» **WHAT IS REQUIRED**: Count the lines below that include the word "text" and write that number alone.

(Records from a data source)
text \<open>Write \<open>A = U/T\<^sup>2 - I/d\<close> with \<open>U = \<Sum>\<^sub>i\<^sub>\<noteq>\<^sub>j S\<^sub>i\<^sub>j\<close>. In a product state the
  expectation of a permutation of the tensor factors is the product, over its cycles, of the traces
  of the products of the states along the cycle. Hence \<open>E[S\<^sub>i\<^sub>j] = Tr[\<rho>\<^sub>i \<rho>\<^sub>j]\<close>, and
  \<open>E[A] - \<mu> = -T\<^sup>-\<^sup>2 \<Sum>\<^sub>i Tr \<rho>\<^sub>i\<^sup>2\<close>, which has modulus at most \<open>1/T\<close>.

  For the variance, \<open>S\<^sub>i\<^sub>j\<close> and \<open>S\<^sub>k\<^sub>l\<close> are uncorrelated when the pairs are disjoint, and
  the \<open>O(T\<^sup>2)\<close> terms with \<open>{i, j} = {k, l}\<close> are bounded. Pairs sharing exactly one index give
  \<open>Tr[\<rho>\<^sub>a\<rho>\<^sub>b\<rho>\<^sub>c] - Tr[\<rho>\<^sub>a\<rho>\<^sub>b] Tr[\<rho>\<^sub>a\<rho>\<^sub>c]\<close>; up to \<open>O(T\<^sup>2)\<close> terms with
  repeated indices, summing this over all \<open>a, b, c\<close> gives
  \<open>T\<^sup>3 Tr R\<^sup>3 - T\<^sup>2 \<Sum>\<^sub>a Tr[\<rho>\<^sub>a R]\<^sup>2\<close> with \<open>R = \<rho>\<^sub>a\<^sub>v\<^sub>g\<close>, at most
  \<open>T\<^sup>3 (Tr R\<^sup>3 - (Tr R\<^sup>2)\<^sup>2)\<close> by Cauchy-Schwarz. Finally \<open>0 \<le> R \<le> I\<close> gives
  \<open>Tr[H R H] \<le> Tr H\<^sup>2 = \<mu>\<close> for \<open>H = R - I/d\<close>, i.e. \<open>Tr R\<^sup>3 - (Tr R\<^sup>2)\<^sup>2 \<le> \<mu>\<close>.
  Altogether \<open>Var[U] \<le> 4 T\<^sup>3 \<mu> + 28 T\<^sup>2\<close>, so \<open>K = 28\<close> works.\<close>

section \<open>Traces and density matrices on \<open>\<complex>\<^sup>d\<close>\<close>

abbreviation trace_prod :: "nat \<Rightarrow> (nat \<Rightarrow> nat \<Rightarrow> complex) \<Rightarrow> (nat \<Rightarrow> nat \<Rightarrow> complex) \<Rightarrow> complex"
  where "trace_prod d X Y \<equiv> mat_trace {..<d} (mat_mult {..<d} X Y)"
lemma mdeg_eq_sum: "finite S \<Longrightarrow> Poly_Mapping.keys m \<subseteq> S \<Longrightarrow> mdeg m = (\<Sum>j\<in>S. Poly_Mapping.lookup m j)"
  unfolding mdeg_def by (rule sum.mono_neutral_left) (auto simp: in_keys_iff)

lemma mdeg_add: "mdeg (a + b) = mdeg a + mdeg b"
proof -
  let ?S = "Poly_Mapping.keys a \<union> Poly_Mapping.keys b"
  have "Poly_Mapping.keys (a + b) \<subseteq> ?S" by (simp add: keys_add)
  then show ?thesis
    by (simp add: mdeg_eq_sum[of ?S] lookup_add sum.distrib)
qed

lemma mdeg_var_exp_add [simp]: "mdeg (var_exp i + m) = Suc (mdeg m)"
  unfolding mdeg_add by (simp add: mdeg_def)

lemma var_exp_eq_iff [simp]: "var_exp i = var_exp j \<longleftrightarrow> i = j"
  by (metis lookup_single_eq lookup_single_not_eq nat.distinct(1))

lemma finite_shift:
  assumes "finite K"
  shows "finite (shift n K)"
proof -
  have "shift n K = (\<lambda>(i, m). var_exp i + m) ` ({..<n} \<times> K)"
    by (auto simp: shift_def)
  then show ?thesis
    using assms by simp
qed

lemma shiftI: "i < n \<Longrightarrow> m \<in> K \<Longrightarrow> var_exp i + m \<in> shift n K"
  by (auto simp: shift_def)

lemma shift_UN: "shift n (\<Union>k\<in>D. T k) = (\<Union>k\<in>D. shift n (T k))"
  by (auto simp: shift_def)

lemma mdeg_in_shift: "x \<in> shift n K \<Longrightarrow> \<exists>m\<in>K. mdeg x = Suc (mdeg m)"
  by (auto simp: shift_def)

lemma card_shift_ge:
  assumes T: "finite T" "T \<noteq> {}" and n: "n \<ge> 1"
  shows "card T + (n - 1) \<le> card (shift n T)"
proof -
  obtain t where t: "t \<in> T" "\<And>m. m \<in> T \<Longrightarrow> Poly_Mapping.lookup t 0 \<le> Poly_Mapping.lookup m 0"
    using T(2) ex_has_least_nat[of "\<lambda>m. m \<in> T" _ "\<lambda>m. Poly_Mapping.lookup m 0"] by blast
  define A where "A = (\<lambda>m. var_exp 0 + m) ` T"
  define B where "B = (\<lambda>i. var_exp i + t) ` {1..<n}"
  have card_A: "card A = card T"
    unfolding A_def by (rule card_image) (auto simp: inj_on_def)
  have card_B: "card B = n - 1"
    unfolding B_def by (subst card_image) (auto simp: inj_on_def dest: add_right_imp_eq)
  have "A \<inter> B = {}"
  proof -
    have "Poly_Mapping.lookup x 0 < Poly_Mapping.lookup y 0" if "x \<in> B" "y \<in> A" for x y
      using that t(2) by (force simp: A_def B_def lookup_add lookup_single_not_eq less_Suc_eq_le)
    then show ?thesis by fastforce
  qed
  then have "card (A \<union> B) = card T + (n - 1)"
    using T(1) card_A card_B by (simp add: card_Un_disjoint A_def B_def)
  moreover have "A \<union> B \<subseteq> shift n T"
    using n t(1) by (auto simp: A_def B_def intro: shiftI)
  ultimately show ?thesis
    using card_mono[OF finite_shift[OF T(1)]] by metis
qed
text \<open>
Expanding \<open>cis (j \<theta>)\<close> by Chebyshev polynomials, the real part and the imaginary part divided
by \<open>sin \<theta>\<close> of each of \<open>a\<close>, \<open>b\<close>, \<open>c\<close> are polynomials in \<open>x = cos \<theta>\<close>; hence so are
\<open>|a|\<^sup>2\<close>, \<open>|c|\<^sup>2\<close> and \<open>Re (b cnj a)\<close>. Writing \<open>\<sigma>\<^sub>E = 15 N / (16 D)\<close>, the three inequalities
\<open>|a| \<ge> 1\<close>, \<open>16 D |c| \<le> 15 N |a|\<close> and \<open>16 D Re (b cnj a) \<ge> 15 (2\<gamma> - 1)\<^sup>4 |a|\<^sup>2\<close> each
become \<open>(1 \<mp> x) P (1 + x, 1 - x, 5\<gamma> - 7) \<ge> 0\<close> for an explicit polynomial \<open>P\<close> with
nonnegative coefficients, checked as a polynomial identity. The factor \<open>1 - x\<close> vanishes at
\<open>\<theta> = 0\<close>, where \<open>a = 1\<close>, and \<open>1 + x\<close> at \<open>\<theta> = \<pi>\<close>, where \<open>a\<close>, \<open>b\<close>, \<open>c\<close> are real, so the
extrema are attained there.
\<close>

fun chebyshev_T :: "nat \<Rightarrow> real \<Rightarrow> real" where
  "chebyshev_T 0 x = 1"
| "chebyshev_T (Suc 0) x = x"
| "chebyshev_T (Suc (Suc n)) x = 2 * x * chebyshev_T (Suc n) x - chebyshev_T n x"

fun chebyshev_U :: "nat \<Rightarrow> real \<Rightarrow> real" where
  "chebyshev_U 0 x = 1"
| "chebyshev_U (Suc 0) x = 2 * x"
| "chebyshev_U (Suc (Suc n)) x = 2 * x * chebyshev_U (Suc n) x - chebyshev_U n x"

lemma cos_add_plus_cos_diff: "cos (x + t) + cos (x - t) = 2 * cos t * cos (x :: real)"
  by (simp add: cos_add cos_diff)

lemma sin_add_plus_sin_diff: "sin (x + t) + sin (x - t) = 2 * cos t * sin (x :: real)"
  by (simp add: sin_add sin_diff)

lemma cos_mult_eq_chebyshev_T: "cos (real n * t) = chebyshev_T n (cos t)"
proof (induction n rule: induct_nat_012)
  case (ge2 n)
  have "cos (real (Suc (Suc n)) * t) = 2 * cos t * cos (real (Suc n) * t) - cos (real n * t)"
    using cos_add_plus_cos_diff[of "real (Suc n) * t" t] by (simp add: algebra_simps)
  then show ?case
    using ge2 by simp
qed simp_all

lemma sin_mult_eq_chebyshev_U: "sin (real (Suc n) * t) = sin t * chebyshev_U n (cos t)"
proof (induction n rule: induct_nat_012)
  case 1
  show ?case
    using sin_double[of t] by simp
next
  case (ge2 n)
  have "sin (real (Suc (Suc (Suc n))) * t)
      = 2 * cos t * sin (real (Suc (Suc n)) * t) - sin (real (Suc n) * t)"
    using sin_add_plus_sin_diff[of "real (Suc (Suc n)) * t" t] by (simp add: algebra_simps)
  then show ?case
    using ge2 by (simp add: algebra_simps)
qed simp_all
lemma mat_T_tensor:
  assumes "length q1 = length A1" "length q2 = length A2"
  shows "mat_T (mat_tensor (length A1) (length p1) F G) (A1 @ A2) i j (p1 @ p2) (q1 @ q2) =
    (\<Sum>c\<in>UNIV. (-1) ^ ((par i + par c) * odd_count q1) * mat_T F A1 c j p1 q1 * mat_T G A2 i c p2 q2)"
proof -
  let ?s = "\<lambda>c. (-1 :: complex fps) ^ ((par i + par c) * odd_count q1)"
  have "mat_T (mat_tensor (length A1) (length p1) F G) (A1 @ A2) i j (p1 @ p2) (q1 @ q2)
      = (\<Sum>t1\<in>basis (length A1). \<Sum>t2\<in>basis (length A2). \<Sum>c\<in>UNIV.
          ?s c * (fps_const (F p1 t1) * T_coeff A1 c j t1 q1) * (fps_const (G p2 t2) * T_coeff A2 i c t2 q2))"
    unfolding mat_T_def length_append sum_basis_append using assms
    by (intro sum.cong refl)
      (simp add: mat_tensor_def T_coeff_append sum_distrib_left mult_ac flip: fps_const_mult)
  then show ?thesis
    unfolding sum_sum_sum_factor by (simp add: mat_T_def)
qed
theorem mainTheorem15:
  fixes g :: nat and f :: "(nat \<Rightarrow> nat) \<Rightarrow> complex" and A R :: real
    and n :: "nat \<Rightarrow> nat" and u :: nat
  assumes "g \<ge> 1"
    and "order_of_magnitude g f A n"
    and "0 < R" and "R < 1"
  defines "nmax \<equiv> Max (n ` {..<g})"
    and "B \<equiv> 2 * real (\<Prod>m<g. fact (n m)) * A * real g
              / (1 - R) ^ (g + (\<Sum>m<g. n m))"
  shows "(\<forall>z\<in>polydisc g R.
            norm (remainder_u g f u z) \<le> B * real (u + 1) ^ ((nmax + 1) * g) * supnorm_g g z ^ u)
       \<and> (\<forall>\<kappa>::real. 0 < \<kappa> \<and> \<kappa> < 1 \<and>
            real u \<ge> max (16 * (real nmax * real g)^2 / (ln R)^2) (2 * (ln \<kappa> - ln B) / ln R)
            \<longrightarrow> (\<forall>z\<in>polydisc g R. norm (remainder_u g f u z) \<le> \<kappa>))"
proof -
  let ?N = "(nmax + 1) * g"
  define Q where "Q = A * real (\<Prod>m<g. fact (n m)) / (1 - R) ^ (g + mdeg g n)"
  have "0 < Q" "B = 2 * real g * Q"
    using assms(2-4) by (simp_all add: Q_def B_def order_of_magnitude_def prod_pos)
  then have "0 < B"
    using assms(1) by simp
  have "real ?N \<le> 2 * (real nmax * real g)"
    using order_of_magnitude_Max_ge_1[OF assms(1,2), folded nmax_def]
      mult_right_mono[of 1 "real nmax" "real g"] by (simp add: algebra_simps)
  have bound: "norm (remainder_u g f u z) \<le> B * real (u + 1) ^ ?N * supnorm_g g z ^ u"
    if "z \<in> polydisc g R" for z
  proof -
    have "norm (remainder_u g f u z) \<le> Q * real (u + 1) ^ (g + mdeg g n) * supnorm_g g z ^ u"
      using norm_remainder_u_le[OF assms(1-4) that] by (simp add: Q_def)
    also have "\<dots> \<le> B * real (u + 1) ^ ?N * supnorm_g g z ^ u"
    proof (rule mult_right_mono)
      show "Q * real (u + 1) ^ (g + mdeg g n) \<le> B * real (u + 1) ^ ?N"
        using \<open>0 < Q\<close> \<open>B = 2 * real g * Q\<close> assms(1)
          order_of_magnitude_exponent_le[OF assms(1,2), folded nmax_def]
        by (intro mult_mono power_increasing) auto
    qed (use assms(1) supnorm_g_nonneg in auto)
    finally show ?thesis .
  qed
  moreover have "norm (remainder_u g f u z) \<le> \<kappa>"
    if "0 < \<kappa>" "real u \<ge> max (16 * (real nmax * real g)\<^sup>2 / (ln R)\<^sup>2) (2 * (ln \<kappa> - ln B) / ln R)"
      and "z \<in> polydisc g R" for \<kappa> z
  proof -
    have "B * real (u + 1) ^ ?N * supnorm_g g z ^ u \<le> B * real (u + 1) ^ ?N * R ^ u"
      using \<open>0 < B\<close> assms(1) that(3)
      by (intro mult_left_mono power_mono) (auto simp: supnorm_g_nonneg supnorm_g_less less_imp_le)
    also have "\<dots> \<le> \<kappa>"
      using that(2) by (intro power_mult_geometric_le[OF \<open>0 < B\<close> assms(3,4) that(1) _
          \<open>real ?N \<le> 2 * (real nmax * real g)\<close>]) simp_all
    finally show ?thesis
      using bound[OF that(3)] by linarith
  qed
  ultimately show ?thesis
    by blast
qed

» **ANSWER TO THIS TASK**: 2